I have created a few intermediate datasets for analysis purpose. These datasets are also needed for feature extraction described in the next section. All intermediate data are stored in the workspace directory.

frequencies/{attribute}.csv where {attribute} can be bidder_id, auction, merchandise, device, country, ip, url

These files stores counts that different values of an attribute have appeared in the bid stream. For example, frequencies/auction.csv stores number of bids for all auctions.
graphs/{attribute}.csv.gz where {attribute} can be auction, merchandise, device, country, ip, url

These files are edge lists of bidder-attribute bipartite graphs in gzipped CSV format. For example, in the graphs/ip.csv.gz file, the first two columns are bidder_id and ip, and the third column, weight, indicates how many times a bidder bids using a specific IP address.
cooccurrence/{attribute}.pickle.gz where {attribute} can be auction, merchandise, device, country, ip, url

These files are edge lists of bidder-bidder cooccurrence graphs in gzipped pickle format. For example, in the cooccurrence/ip.pickle.gz file, the first two columns are bidder_id_x and bidder_id_y, and the third column, weight, indicates how many IP addresses that the two bidders have shared in the past.
misc/timestamp_stat.csv

This file stores maximum, minimum values for the raw timestamps and minimum gap between timestamps. These values are useful for reverse engineering the original mangled timestamps. I have found that timestamps can be transformed so that the bid stream fits in a one-month duration. The transformation can be used to determine the scale of time series discussed below.
series/bid_count_{rate}.h5 where {rate} can be 10s, 30s, 1min, 10min, 30min, 1h, 6h, 12h, 1d, ranging from 10 seconds to 1 day

These files are bid count series in HDF5 format. For each bidder, I count how many bids are made in each time interval of the resolution specified by {rate} (e.g., number of bids every minute).
series/unique_count_{rate}/{attribute}.h5 where {rate} is defined the same as above and {attribute} can be auction, device, country, ip, url

These files are unique attribute count series in HDF5 format. For each bidder, I count the number of unique values of a given attribute in each time interval of different resolutions (e.g., number of unique IP addresses every hour).

Feature Engineering

In this competition I have adopted a somewhat "brute-force" approach. I extracted a large number of features and let the random forest classifier select the most promising ones.

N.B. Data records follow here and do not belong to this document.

(* Let $n \geq 2$. (1) If $a(n-1) <_4 a(n+1)$ and $a(n) \leq_4 a(n+2)$, then $S(n) = \frac{a(n)a(n+1)}{4}$. (2) If $a(n-1) >_4 a(n+1)$ and $a(n) \geq_4 a(n+2)$, then $S(n) = \frac{a(n)a(n+1)}{4} + \frac12$. (3) If $a(n-1) <_4 a(n+1)$ and $a(n) >_4 a(n+2)$, then $S(n) = \frac{a(n)(a(n+1)-1)}{4}$. (4) If $a(n-1) >_4 a(n+1)$ and $a(n) <_4 a(n+2)$, then $S(n) = \frac{(a(n)+1)a(n+1)}{4}$.
   Context: $(a(n))_{n\geq0}$ is the increasing sequence (indexed from $0$, so $a(0)=1,a(1)=2,a(2)=4,a(3)=7,\ldots$) of odious numbers, i.e. nonnegative integers whose sum of binary digits is odd, and $S(n) = \sum_{k=0}^n a(k)$. For integers $x, y$, let $\bar x, \bar y \in \{0,1,2,3\}$ be their residues modulo $4$; write $x <_4 y$ if $\bar x < \bar y$, $x \leq_4 y$ if $\bar x \leq \bar y$, and $x >_4 y$ (resp. $x \geq_4 y$) if $y <_4 x$ (resp. $y \leq_4 x$). *)

theory Defs
  imports Complex_Main "HOL-Library.Infinite_Set"
begin

fun bin_digit_sum :: "nat \<Rightarrow> nat" where
  "bin_digit_sum n = (if n = 0 then 0 else n mod 2 + bin_digit_sum (n div 2))"

declare bin_digit_sum.simps[simp del]

definition odious :: "nat \<Rightarrow> bool" where
  "odious m \<longleftrightarrow> odd (bin_digit_sum m)"

text \<open>a n: the n-th odious number in increasing order, indexed from 0 (a 0 = 1).\<close>
definition a :: "nat \<Rightarrow> nat" where
  "a n = enumerate {m. odious m} n"

definition S :: "nat \<Rightarrow> nat" where
  "S n = (\<Sum>k\<le>n. a k)"

definition lt4 :: "nat \<Rightarrow> nat \<Rightarrow> bool" where
  "lt4 x y \<longleftrightarrow> x mod 4 < y mod 4"

definition le4 :: "nat \<Rightarrow> nat \<Rightarrow> bool" where
  "le4 x y \<longleftrightarrow> x mod 4 \<le> y mod 4"

end

theory Submission
  imports Defs
begin

text \<open>
  Writing a number as 2q + r with r < 2, its binary digit sum is
  r + (digit sum of q). Hence exactly one of 2k, 2k + 1 is odious, namely
  2k + evil_bit k, where evil_bit k is 1 if k is evil (not odious) and 0 otherwise.
  Since k \<mapsto> 2k + evil_bit k is strictly increasing with range the odious
  numbers, a k = 2k + evil_bit k. Consequently a(2m) = 4m + \<epsilon> and
  a(2m+1) = 4m + 3 - \<epsilon> with \<epsilon> = evil_bit (2m) \<in> {0,1}, so consecutive pairs sum
  to 8m + 3 and S(2m+1) = (m+1)(4m+3).

  For n = 2m+1 and n = 2m+2 the four values a(n-1), ..., a(n+2) and S(n) are
  thus explicit in m and two or three bits; their residues modulo 4 are read
  off directly, and the four identities of the theorem (bundled in the
  predicate sum_identities) reduce to finitely many polynomial identities in m.
\<close>

text \<open>The defining equation is not a simp rule; its base case is needed separately.\<close>
lemma bin_digit_sum_0: "bin_digit_sum 0 = 0"
  by (subst bin_digit_sum.simps) simp

lemma bin_digit_sum_append_digit:
  assumes "r < 2"
  shows "bin_digit_sum (2 * q + r) = r + bin_digit_sum q"
proof (cases "2 * q + r = 0")
  case True
  then show ?thesis by (simp add: bin_digit_sum_0)
next
  case False
  then have "bin_digit_sum (2 * q + r) = (2 * q + r) mod 2 + bin_digit_sum ((2 * q + r) div 2)"
    by (subst bin_digit_sum.simps) (simp add: bin_digit_sum_0)
  then show ?thesis using assms by simp
qed

lemma odious_append_digit:
  assumes "r < 2"
  shows "odious (2 * q + r) \<longleftrightarrow> (odious q \<longleftrightarrow> r = 0)"
  using bin_digit_sum_append_digit[OF assms] assms
  by (cases r) (auto simp: odious_def)

definition evil_bit :: "nat \<Rightarrow> nat" where
  "evil_bit k = (if odious k then 0 else 1)"

lemma evil_bit_le_1: "evil_bit k \<le> 1"
  by (simp add: evil_bit_def)

text \<open>Of the two numbers 2k and 2k + 1 exactly one is odious: 2k + evil_bit k.\<close>
lemma odious_set: "{x. odious x} = range (\<lambda>k. 2 * k + evil_bit k)"
proof (intro set_eqI iffI)
  fix x
  assume "x \<in> {x. odious x}"
  then have "odious (x div 2) \<longleftrightarrow> x mod 2 = 0"
    using odious_append_digit[of "x mod 2" "x div 2"] by simp
  then have "x mod 2 = evil_bit (x div 2)"
    by (auto simp: evil_bit_def)
  then have "x = 2 * (x div 2) + evil_bit (x div 2)"
    using div_mult_mod_eq[of x 2] by linarith
  then show "x \<in> range (\<lambda>k. 2 * k + evil_bit k)" by blast
next
  fix x
  assume "x \<in> range (\<lambda>k. 2 * k + evil_bit k)"
  then obtain k where "x = 2 * k + evil_bit k" by blast
  then show "x \<in> {x. odious x}"
    using odious_append_digit[of "evil_bit k" k] by (simp add: evil_bit_def)
qed

lemma enumerate_range_strict_mono:
  fixes f :: "nat \<Rightarrow> nat"
  assumes mono: "strict_mono f"
  shows "enumerate (range f) k = f k"
proof (induction k)
  case 0
  have "enumerate (range f) 0 = (LEAST s. s \<in> range f)"
    by (rule enumerate_0)
  also have "\<dots> = f 0"
    by (rule Least_equality) (auto simp: strict_mono_less_eq[OF mono])
  finally show ?case .
next
  case (Suc k)
  have "infinite (range f)"
    using range_inj_infinite strict_mono_imp_inj_on[OF mono] by blast
  then have "enumerate (range f) (Suc k) = (LEAST s. s \<in> range f \<and> enumerate (range f) k < s)"
    by (rule enumerate_Suc'')
  also have "\<dots> = f (Suc k)"
    using Suc by (intro Least_equality) (auto simp: strict_mono_less[OF mono] strict_mono_less_eq[OF mono] Suc_le_eq)
  finally show ?case .
qed

lemma a_eq: "a k = 2 * k + evil_bit k"
proof -
  have "strict_mono (\<lambda>k. 2 * k + evil_bit k)"
    unfolding strict_mono_Suc_iff
  proof
    fix k
    show "2 * k + evil_bit k < 2 * Suc k + evil_bit (Suc k)"
      using evil_bit_le_1[of k] by simp
  qed
  then show ?thesis
    unfolding a_def odious_set by (rule enumerate_range_strict_mono)
qed

lemma evil_bit_pair: "evil_bit (2 * m + 1) = 1 - evil_bit (2 * m)"
  using odious_append_digit[of 0 m] odious_append_digit[of 1 m]
  by (simp add: evil_bit_def)

lemma a_pair:
  "a (2 * m) = 4 * m + evil_bit (2 * m)"
  "a (2 * m + 1) = 4 * m + (3 - evil_bit (2 * m))"
  unfolding a_eq evil_bit_pair using evil_bit_le_1[of "2 * m"] by simp_all

lemma S_Suc: "S (Suc k) = S k + a (Suc k)"
  by (simp add: S_def)

text \<open>Each pair contributes a(2j) + a(2j+1) = 8j + 3.\<close>
lemma S_odd: "S (2 * m + 1) = (m + 1) * (4 * m + 3)"
proof (induction m)
  case 0
  show ?case using a_pair[of 0] evil_bit_le_1[of 0] by (simp add: S_def)
next
  case (Suc m)
  have "2 * Suc m = Suc (2 * m + 1)" "2 * Suc m + 1 = Suc (Suc (2 * m + 1))"
    by simp_all
  then have "S (2 * Suc m + 1) = S (2 * m + 1) + a (2 * Suc m) + a (2 * Suc m + 1)"
    by (simp only: S_Suc)
  also have "\<dots> = (m + 1) * (4 * m + 3) + (4 * Suc m + evil_bit (2 * Suc m))
      + (4 * Suc m + (3 - evil_bit (2 * Suc m)))"
    by (simp only: Suc.IH a_pair)
  also have "\<dots> = (Suc m + 1) * (4 * Suc m + 3)"
    using evil_bit_le_1[of "2 * Suc m"] by (simp add: algebra_simps)
  finally show ?case .
qed

lemma S_even: "S (2 * (m + 1)) = (m + 1) * (4 * m + 3) + a (2 * (m + 1))"
proof -
  have "2 * (m + 1) = Suc (2 * m + 1)" by simp
  then show ?thesis by (simp only: S_Suc S_odd)
qed

text \<open>
  The conclusion of the theorem for a partial sum s and four consecutive
  terms w, x, y, z (standing for a(n-1), a(n), a(n+1), a(n+2)).
\<close>
definition sum_identities :: "nat \<Rightarrow> nat \<Rightarrow> nat \<Rightarrow> nat \<Rightarrow> nat \<Rightarrow> bool" where
  "sum_identities s w x y z \<longleftrightarrow>
     (lt4 w y \<and> le4 x z \<longrightarrow> real s = real x * real y / 4)
   \<and> (lt4 y w \<and> le4 z x \<longrightarrow> real s = real x * real y / 4 + 1 / 2)
   \<and> (lt4 w y \<and> lt4 z x \<longrightarrow> real s = real x * (real y - 1) / 4)
   \<and> (lt4 y w \<and> lt4 x z \<longrightarrow> real s = (real x + 1) * real y / 4)"

lemma mod4_offset: "c < 4 \<Longrightarrow> (4 * k + c) mod 4 = (c :: nat)"
  by simp

text \<open>
  Odd n = 2m+1: residues \<epsilon>, 3 - \<epsilon>, \<delta>, 3 - \<delta>; only identities (3) and (4)
  have satisfiable hypotheses.
\<close>
lemma sum_identities_odd_case:
  fixes m \<epsilon> \<delta> :: nat
  assumes "\<epsilon> \<le> 1" "\<delta> \<le> 1"
  shows "sum_identities ((m + 1) * (4 * m + 3))
           (4 * m + \<epsilon>) (4 * m + (3 - \<epsilon>)) (4 * (m + 1) + \<delta>) (4 * (m + 1) + (3 - \<delta>))"
proof -
  have residues: "(4 * m + \<epsilon>) mod 4 = \<epsilon>" "(4 * m + (3 - \<epsilon>)) mod 4 = 3 - \<epsilon>"
    "(4 * (m + 1) + \<delta>) mod 4 = \<delta>" "(4 * (m + 1) + (3 - \<delta>)) mod 4 = 3 - \<delta>"
    by (intro mod4_offset; use assms in simp)+
  have "\<epsilon> = 0 \<or> \<epsilon> = 1" "\<delta> = 0 \<or> \<delta> = 1" using assms by auto
  then show ?thesis
    unfolding sum_identities_def lt4_def le4_def residues
    by (elim disjE) (simp_all add: field_simps)
qed

text \<open>
  Even n = 2m+2: residues 3 - \<epsilon>, \<eta>, 3 - \<eta>, \<zeta>; only identities (1) and (2)
  have satisfiable hypotheses.
\<close>
lemma sum_identities_even_case:
  fixes m \<epsilon> \<eta> \<zeta> :: nat
  assumes "\<epsilon> \<le> 1" "\<eta> \<le> 1" "\<zeta> \<le> 1"
  shows "sum_identities ((m + 1) * (4 * m + 3) + (4 * (m + 1) + \<eta>))
           (4 * m + (3 - \<epsilon>)) (4 * (m + 1) + \<eta>) (4 * (m + 1) + (3 - \<eta>)) (4 * (m + 2) + \<zeta>)"
proof -
  have residues: "(4 * m + (3 - \<epsilon>)) mod 4 = 3 - \<epsilon>" "(4 * (m + 1) + \<eta>) mod 4 = \<eta>"
    "(4 * (m + 1) + (3 - \<eta>)) mod 4 = 3 - \<eta>" "(4 * (m + 2) + \<zeta>) mod 4 = \<zeta>"
    by (intro mod4_offset; use assms in simp)+
  have "\<epsilon> = 0 \<or> \<epsilon> = 1" "\<eta> = 0 \<or> \<eta> = 1" using assms by auto
  then show ?thesis
    using assms(3)
    unfolding sum_identities_def lt4_def le4_def residues
    by (elim disjE) (simp_all add: field_simps)
qed

lemma sum_identities_odd:
  "sum_identities (S (2 * m + 1)) (a (2 * m)) (a (2 * m + 1)) (a (2 * (m + 1))) (a (2 * (m + 1) + 1))"
  unfolding S_odd a_pair
  by (rule sum_identities_odd_case[OF evil_bit_le_1 evil_bit_le_1])

lemma sum_identities_even:
  "sum_identities (S (2 * (m + 1))) (a (2 * m + 1)) (a (2 * (m + 1))) (a (2 * (m + 1) + 1))
     (a (2 * (m + 2)))"
  unfolding S_even a_pair
  by (rule sum_identities_even_case[OF evil_bit_le_1 evil_bit_le_1 evil_bit_le_1])

theorem theorem3:
  fixes n :: nat
  assumes "n \<ge> 2"
  shows "(lt4 (a (n - 1)) (a (n + 1)) \<and> le4 (a n) (a (n + 2)) \<longrightarrow>
            real (S n) = real (a n) * real (a (n + 1)) / 4)
       \<and> (lt4 (a (n + 1)) (a (n - 1)) \<and> le4 (a (n + 2)) (a n) \<longrightarrow>
            real (S n) = real (a n) * real (a (n + 1)) / 4 + 1 / 2)
       \<and> (lt4 (a (n - 1)) (a (n + 1)) \<and> lt4 (a (n + 2)) (a n) \<longrightarrow>
            real (S n) = real (a n) * (real (a (n + 1)) - 1) / 4)
       \<and> (lt4 (a (n + 1)) (a (n - 1)) \<and> lt4 (a n) (a (n + 2)) \<longrightarrow>
            real (S n) = (real (a n) + 1) * real (a (n + 1)) / 4)"
proof -
  have "sum_identities (S n) (a (n - 1)) (a n) (a (n + 1)) (a (n + 2))"
  proof (cases "even n")
    case True
    then obtain k where k: "n = 2 * k" by (elim evenE)
    with assms have "n = 2 * ((k - 1) + 1)" by simp
    then obtain m where n: "n = 2 * (m + 1)" by blast
    have index_shifts: "2 * (m + 1) - 1 = 2 * m + 1" "2 * (m + 1) + 2 = 2 * (m + 2)"
      by simp_all
    show ?thesis unfolding n index_shifts by (rule sum_identities_even)
  next
    case False
    then obtain m where n: "n = 2 * m + 1" by (elim oddE)
    have index_shifts: "2 * m + 1 - 1 = 2 * m" "2 * m + 1 + 1 = 2 * (m + 1)"
      "2 * m + 1 + 2 = 2 * (m + 1) + 1"
      by simp_all
    show ?thesis unfolding n index_shifts by (rule sum_identities_odd)
  qed
  then show ?thesis unfolding sum_identities_def .
qed

end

Feature vectors for each bidder is pre-computed and stored in hierarchy in the workspace/features directory. Each feature set is a CSV file containing a set of numeric value features for all bidders. The first column is always bidder_id, followed by a comma-separated feature vector. The CSV file contains a header line for feature names. The feature vectors for some bidders may be missing due to their absence from bids.csv. It is also possible that some features for some bidders is missing due to their limited bid counts. Before classification these feature sets are loaded into memory and concatenated, forming a long feature vector for each bidder. Missing values are treated as NaN and are handled properly by preprocessors in the prediction pipeline.

Here is a brief description of different types of feature sets.

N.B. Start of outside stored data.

lemma powr_diff_ge_mean_value:
  fixes a b p :: real
  assumes "0 < a" "a \<le> b" "p > 1"
  shows "(p - 1) * (b - a) * b powr (- p) \<le> a powr (1 - p) - b powr (1 - p)"
proof (cases "a = b")
  case False
  then have "a < b" using assms by simp
  have deriv: "DERIV (\<lambda>x. x powr (1 - p)) x :> (1 - p) * x powr (1 - p - 1)"
    if "a \<le> x" "x \<le> b" for x
    using assms that by (auto intro!: derivative_eq_intros)
  from MVT2[OF \<open>a < b\<close> deriv] obtain z where z: "a < z" "z < b"
    "b powr (1 - p) - a powr (1 - p) = (b - a) * ((1 - p) * z powr (1 - p - 1))"
    by blast
  have "(p - 1) * (b - a) * b powr (- p) \<le> (p - 1) * (b - a) * z powr (- p)"
    using z assms by (intro mult_left_mono powr_mono2') auto
  also have "\<dots> = a powr (1 - p) - b powr (1 - p)"
    using z by (simp add: algebra_simps)
  finally show ?thesis .
qed simp

lemma Gbar_diff_ge:
  fixes a s t :: real
  assumes "a > 1" "s > -1" "s \<le> t"
  shows "(t - s) * (1 + t) powr (- a) \<le> Gbar a s - Gbar a t"
proof -
  have "(a - 1) * ((1 + t) - (1 + s)) * (1 + t) powr (- a)
      \<le> (1 + s) powr (1 - a) - (1 + t) powr (1 - a)"
    using assms by (intro powr_diff_ge_mean_value) auto
  then show ?thesis
    using assms by (simp add: Gbar_eq field_simps diff_divide_distrib[symmetric])
qed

Simple Statistics Features

per_auction_freq/{attribute}.csv where {attribute} can be merchandise, device, country, ip, url

I selected 100 auctions with the largest bid counts and count the unique values for different attributes (e.g., IP address) in the bid record for each bidder in each auction. This gives 100 * 5 = 500 features.
attribute_weight_stats/{attribute}.csv where {attribute} can be auction, device, country, ip, url

These feature sets are statistics for attribute values for each bidder. For example, for a bidder x in the attribute_weight_stats/device feature set, I first collect the devices that bidder x has used, and get the frequencies that these devices have appeared in the entire bid stream. Then statistics for these frequency counts are calculated.

Each feature set contains statistics count, min, max, mean, std, kurtosis, percentile_{25,50,75}.

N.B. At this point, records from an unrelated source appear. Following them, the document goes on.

text \<open>
  Write \<open>U\<close> for the extended chain. Every decomposition of \<alpha> for \<open>I\<close> is one for \<open>U\<close>,
  so \<open>r\<^sub>\<alpha>(U) \<le> r\<^sub>\<alpha>(I)\<close>. If \<open>r\<^sub>\<alpha>(U) \<le> k\<close>, an optimal decomposition for \<open>U\<close> has no
  summand of rank \<open>k + 1\<close> and is thus one for \<open>I\<close>. Otherwise, a summand of rank \<open>k + 1\<close>
  lies in \<open>I\<^sub>k\<close>, in some \<open>(I\<^sub>i + I\<^sub>j) \<inter> \<Phi>\<^sup>+\<close> with \<open>i + j = k + 1\<close>, or in \<open>S\<close>; in the first two
  cases it is replaced by at most two summands for \<open>I\<close> of total rank at most \<open>k + 1\<close>.
  When \<alpha> is supported on \<open>I\<^sub>k \<inter> S\<close>, the third case reduces to the first: all summands
  have nonnegative simple-root coordinates, so a simple root outside \<open>I\<^sub>k\<close>, at which the
  coordinate of \<alpha> vanishes, cannot occur.
\<close>

definition chain_decomps :: "(nat \<Rightarrow> 'a::monoid_add set) \<Rightarrow> nat \<Rightarrow> 'a \<Rightarrow> ('a \<times> nat) list set" where
  "chain_decomps I K \<alpha> = {xs. xs \<noteq> [] \<and> (\<forall>(\<beta>, r)\<in>set xs. r \<in> {1..K} \<and> \<beta> \<in> I r) \<and>
     \<alpha> = sum_list (map fst xs)}"

abbreviation decomp_rank :: "('a \<times> nat) list \<Rightarrow> nat" where
  "decomp_rank xs \<equiv> sum_list (map snd xs)"

lemma r_alpha_eq_INF_chain_decomps:
  "r_alpha I K \<alpha> = (INF xs\<in>chain_decomps I K \<alpha>. enat (decomp_rank xs))"
  unfolding r_alpha_def chain_decomps_def ..

lemma r_alpha_le_decomp_rank:
  "xs \<in> chain_decomps I K \<alpha> \<Longrightarrow> r_alpha I K \<alpha> \<le> enat (decomp_rank xs)"
  unfolding r_alpha_eq_INF_chain_decomps by (rule INF_lower)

This gives 9 * 5 = 45 features.

Graph Spectrum Features

graph_svd/{attribute}.csv where {attribute} can be auction, merchandise, device, country, ip, url

I construct biadjacency matrices of bidder-attribute bipartite graphs using graphs/{attribute}.csv.gz data files mentioned previously. (For example, in the bidder-IP matrix, each row corresponds to a bidder and each column corresponds to an IP address. Element (x, y) with value w means that bidder with ID x has used IP address y for w times in all bids.) Left singular vectors of such matrices, truncated to keep components corresponding to the 100 largest singular values, are stored as features. (The exception is merchandise, which has only 9 unique choices, so we only get 9 singular values.) This gives 100 * 5 + 9 * 1 = 509 features.
cooccurrence_eigen/{attribute}.csv where {attribute} can be auction, merchandise, device, country, ip, url

I construct adjacency matrices of the bidder-bidder graphs using cooccurrence/{attribute}.pickle.gz data files mentioned above. Components of the eigenvectors corresponding to the 100 largest eigenvalues are stored as features. This gives 100 * 6 = 600 features.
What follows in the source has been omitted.